◆ **EXERCISE**
Each line of the records that holds "cases" should be shown in full.

◆ **SOURCE DATA**
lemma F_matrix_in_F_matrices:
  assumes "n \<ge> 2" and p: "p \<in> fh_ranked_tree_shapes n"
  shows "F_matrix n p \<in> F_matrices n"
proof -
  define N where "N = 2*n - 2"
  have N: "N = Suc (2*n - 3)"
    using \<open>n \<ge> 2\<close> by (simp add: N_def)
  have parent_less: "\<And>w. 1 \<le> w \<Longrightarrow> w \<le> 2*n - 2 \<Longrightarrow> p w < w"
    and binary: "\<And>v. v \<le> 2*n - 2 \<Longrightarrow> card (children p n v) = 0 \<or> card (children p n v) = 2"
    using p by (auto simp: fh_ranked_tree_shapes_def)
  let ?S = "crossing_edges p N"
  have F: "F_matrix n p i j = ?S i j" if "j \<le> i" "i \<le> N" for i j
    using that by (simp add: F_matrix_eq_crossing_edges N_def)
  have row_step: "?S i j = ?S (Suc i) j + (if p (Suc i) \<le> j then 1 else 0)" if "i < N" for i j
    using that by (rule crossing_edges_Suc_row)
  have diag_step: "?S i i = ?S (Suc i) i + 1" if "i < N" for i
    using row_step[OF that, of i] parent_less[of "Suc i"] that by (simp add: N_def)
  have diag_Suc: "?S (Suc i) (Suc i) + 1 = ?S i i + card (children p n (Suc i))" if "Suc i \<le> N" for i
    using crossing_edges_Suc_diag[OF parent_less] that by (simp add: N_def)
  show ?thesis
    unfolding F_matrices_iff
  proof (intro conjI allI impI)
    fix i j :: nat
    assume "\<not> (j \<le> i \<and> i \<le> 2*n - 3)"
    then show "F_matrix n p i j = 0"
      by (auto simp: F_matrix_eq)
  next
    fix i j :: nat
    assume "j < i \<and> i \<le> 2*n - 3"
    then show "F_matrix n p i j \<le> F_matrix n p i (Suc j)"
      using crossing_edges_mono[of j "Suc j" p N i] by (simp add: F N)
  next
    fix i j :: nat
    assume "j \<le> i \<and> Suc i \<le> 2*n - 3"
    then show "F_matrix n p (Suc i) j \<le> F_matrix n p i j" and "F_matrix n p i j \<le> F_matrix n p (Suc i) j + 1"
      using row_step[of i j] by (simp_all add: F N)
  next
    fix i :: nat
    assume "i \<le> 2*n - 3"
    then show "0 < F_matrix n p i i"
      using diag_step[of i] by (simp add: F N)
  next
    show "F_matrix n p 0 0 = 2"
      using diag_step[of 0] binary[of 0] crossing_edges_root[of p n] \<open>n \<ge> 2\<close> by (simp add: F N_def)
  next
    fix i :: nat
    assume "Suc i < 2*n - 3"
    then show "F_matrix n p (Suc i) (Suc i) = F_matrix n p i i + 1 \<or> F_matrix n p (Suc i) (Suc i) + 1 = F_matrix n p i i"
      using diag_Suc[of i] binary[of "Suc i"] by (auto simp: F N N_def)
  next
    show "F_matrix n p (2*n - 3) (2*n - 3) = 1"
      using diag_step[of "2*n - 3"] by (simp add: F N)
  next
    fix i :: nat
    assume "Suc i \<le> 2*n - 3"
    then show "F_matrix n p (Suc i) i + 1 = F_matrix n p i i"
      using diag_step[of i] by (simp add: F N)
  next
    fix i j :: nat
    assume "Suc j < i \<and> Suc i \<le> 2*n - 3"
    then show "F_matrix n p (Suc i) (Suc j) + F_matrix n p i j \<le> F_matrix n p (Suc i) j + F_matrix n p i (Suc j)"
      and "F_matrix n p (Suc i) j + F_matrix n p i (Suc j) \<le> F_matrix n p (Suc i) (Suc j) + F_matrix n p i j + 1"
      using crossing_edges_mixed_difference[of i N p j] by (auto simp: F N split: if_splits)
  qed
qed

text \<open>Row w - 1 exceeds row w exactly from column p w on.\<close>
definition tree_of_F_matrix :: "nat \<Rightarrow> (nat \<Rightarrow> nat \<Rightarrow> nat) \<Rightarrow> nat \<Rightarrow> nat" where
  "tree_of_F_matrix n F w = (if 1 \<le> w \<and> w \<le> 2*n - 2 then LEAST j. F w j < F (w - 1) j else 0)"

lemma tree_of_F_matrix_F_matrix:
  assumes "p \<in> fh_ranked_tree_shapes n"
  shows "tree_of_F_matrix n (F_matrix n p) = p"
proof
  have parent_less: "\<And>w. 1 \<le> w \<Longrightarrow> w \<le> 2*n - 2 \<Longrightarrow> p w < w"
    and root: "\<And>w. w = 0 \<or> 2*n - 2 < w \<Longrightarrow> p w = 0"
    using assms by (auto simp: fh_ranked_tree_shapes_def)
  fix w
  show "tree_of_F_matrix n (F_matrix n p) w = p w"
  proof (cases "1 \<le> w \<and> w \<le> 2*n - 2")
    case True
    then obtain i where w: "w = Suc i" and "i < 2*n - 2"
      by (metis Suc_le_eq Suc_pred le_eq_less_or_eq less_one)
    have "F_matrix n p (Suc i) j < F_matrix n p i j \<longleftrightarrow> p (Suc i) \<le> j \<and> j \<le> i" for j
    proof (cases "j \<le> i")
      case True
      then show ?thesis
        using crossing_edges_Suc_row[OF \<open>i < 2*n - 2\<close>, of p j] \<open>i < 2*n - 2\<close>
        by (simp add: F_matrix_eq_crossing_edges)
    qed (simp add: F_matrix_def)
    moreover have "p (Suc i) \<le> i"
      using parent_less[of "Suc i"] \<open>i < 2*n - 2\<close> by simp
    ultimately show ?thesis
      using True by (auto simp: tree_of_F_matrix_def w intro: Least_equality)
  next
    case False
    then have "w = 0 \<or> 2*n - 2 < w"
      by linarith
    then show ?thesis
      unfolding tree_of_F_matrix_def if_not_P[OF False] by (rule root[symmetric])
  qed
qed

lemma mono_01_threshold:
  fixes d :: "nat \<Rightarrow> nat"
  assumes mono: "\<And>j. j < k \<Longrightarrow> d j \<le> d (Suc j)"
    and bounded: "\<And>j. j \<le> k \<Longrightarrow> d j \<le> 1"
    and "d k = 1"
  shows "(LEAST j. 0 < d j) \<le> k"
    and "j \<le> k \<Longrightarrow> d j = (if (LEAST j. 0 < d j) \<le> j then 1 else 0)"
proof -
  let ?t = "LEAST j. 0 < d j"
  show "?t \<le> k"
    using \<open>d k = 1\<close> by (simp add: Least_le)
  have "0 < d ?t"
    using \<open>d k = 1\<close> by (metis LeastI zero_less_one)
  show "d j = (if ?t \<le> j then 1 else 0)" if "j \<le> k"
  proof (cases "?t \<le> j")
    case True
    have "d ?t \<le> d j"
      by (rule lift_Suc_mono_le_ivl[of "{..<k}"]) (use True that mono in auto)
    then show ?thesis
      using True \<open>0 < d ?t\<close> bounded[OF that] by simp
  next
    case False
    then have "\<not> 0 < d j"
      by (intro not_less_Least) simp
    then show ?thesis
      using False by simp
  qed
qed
...
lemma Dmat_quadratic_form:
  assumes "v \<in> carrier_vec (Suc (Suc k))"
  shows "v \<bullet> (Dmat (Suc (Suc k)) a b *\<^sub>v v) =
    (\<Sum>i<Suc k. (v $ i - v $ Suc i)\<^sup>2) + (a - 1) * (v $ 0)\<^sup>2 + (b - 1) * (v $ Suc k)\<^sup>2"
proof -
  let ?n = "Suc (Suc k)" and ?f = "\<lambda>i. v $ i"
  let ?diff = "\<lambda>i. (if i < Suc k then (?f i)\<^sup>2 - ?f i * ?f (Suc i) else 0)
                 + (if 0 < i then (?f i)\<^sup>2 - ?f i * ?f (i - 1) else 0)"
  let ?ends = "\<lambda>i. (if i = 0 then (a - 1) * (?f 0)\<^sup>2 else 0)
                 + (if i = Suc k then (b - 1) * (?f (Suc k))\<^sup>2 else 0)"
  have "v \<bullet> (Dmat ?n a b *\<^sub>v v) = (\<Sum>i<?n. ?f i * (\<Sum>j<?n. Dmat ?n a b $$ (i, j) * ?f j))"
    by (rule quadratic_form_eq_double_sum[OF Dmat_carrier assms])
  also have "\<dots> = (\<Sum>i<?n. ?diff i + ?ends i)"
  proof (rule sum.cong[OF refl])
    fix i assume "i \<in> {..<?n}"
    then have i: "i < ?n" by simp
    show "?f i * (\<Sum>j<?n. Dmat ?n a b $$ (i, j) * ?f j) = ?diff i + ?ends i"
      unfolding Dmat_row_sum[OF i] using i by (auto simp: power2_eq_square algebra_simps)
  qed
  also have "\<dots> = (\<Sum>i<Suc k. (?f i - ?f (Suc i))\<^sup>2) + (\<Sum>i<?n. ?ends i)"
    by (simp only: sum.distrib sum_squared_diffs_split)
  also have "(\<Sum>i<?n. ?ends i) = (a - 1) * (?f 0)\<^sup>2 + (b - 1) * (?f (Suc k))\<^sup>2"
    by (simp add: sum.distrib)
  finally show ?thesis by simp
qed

◆ **WRITTEN SOLUTION**
  proof (cases "1 \<le> w \<and> w \<le> 2*n - 2")
    proof (cases "j \<le> i")
  proof (cases "?t \<le> j")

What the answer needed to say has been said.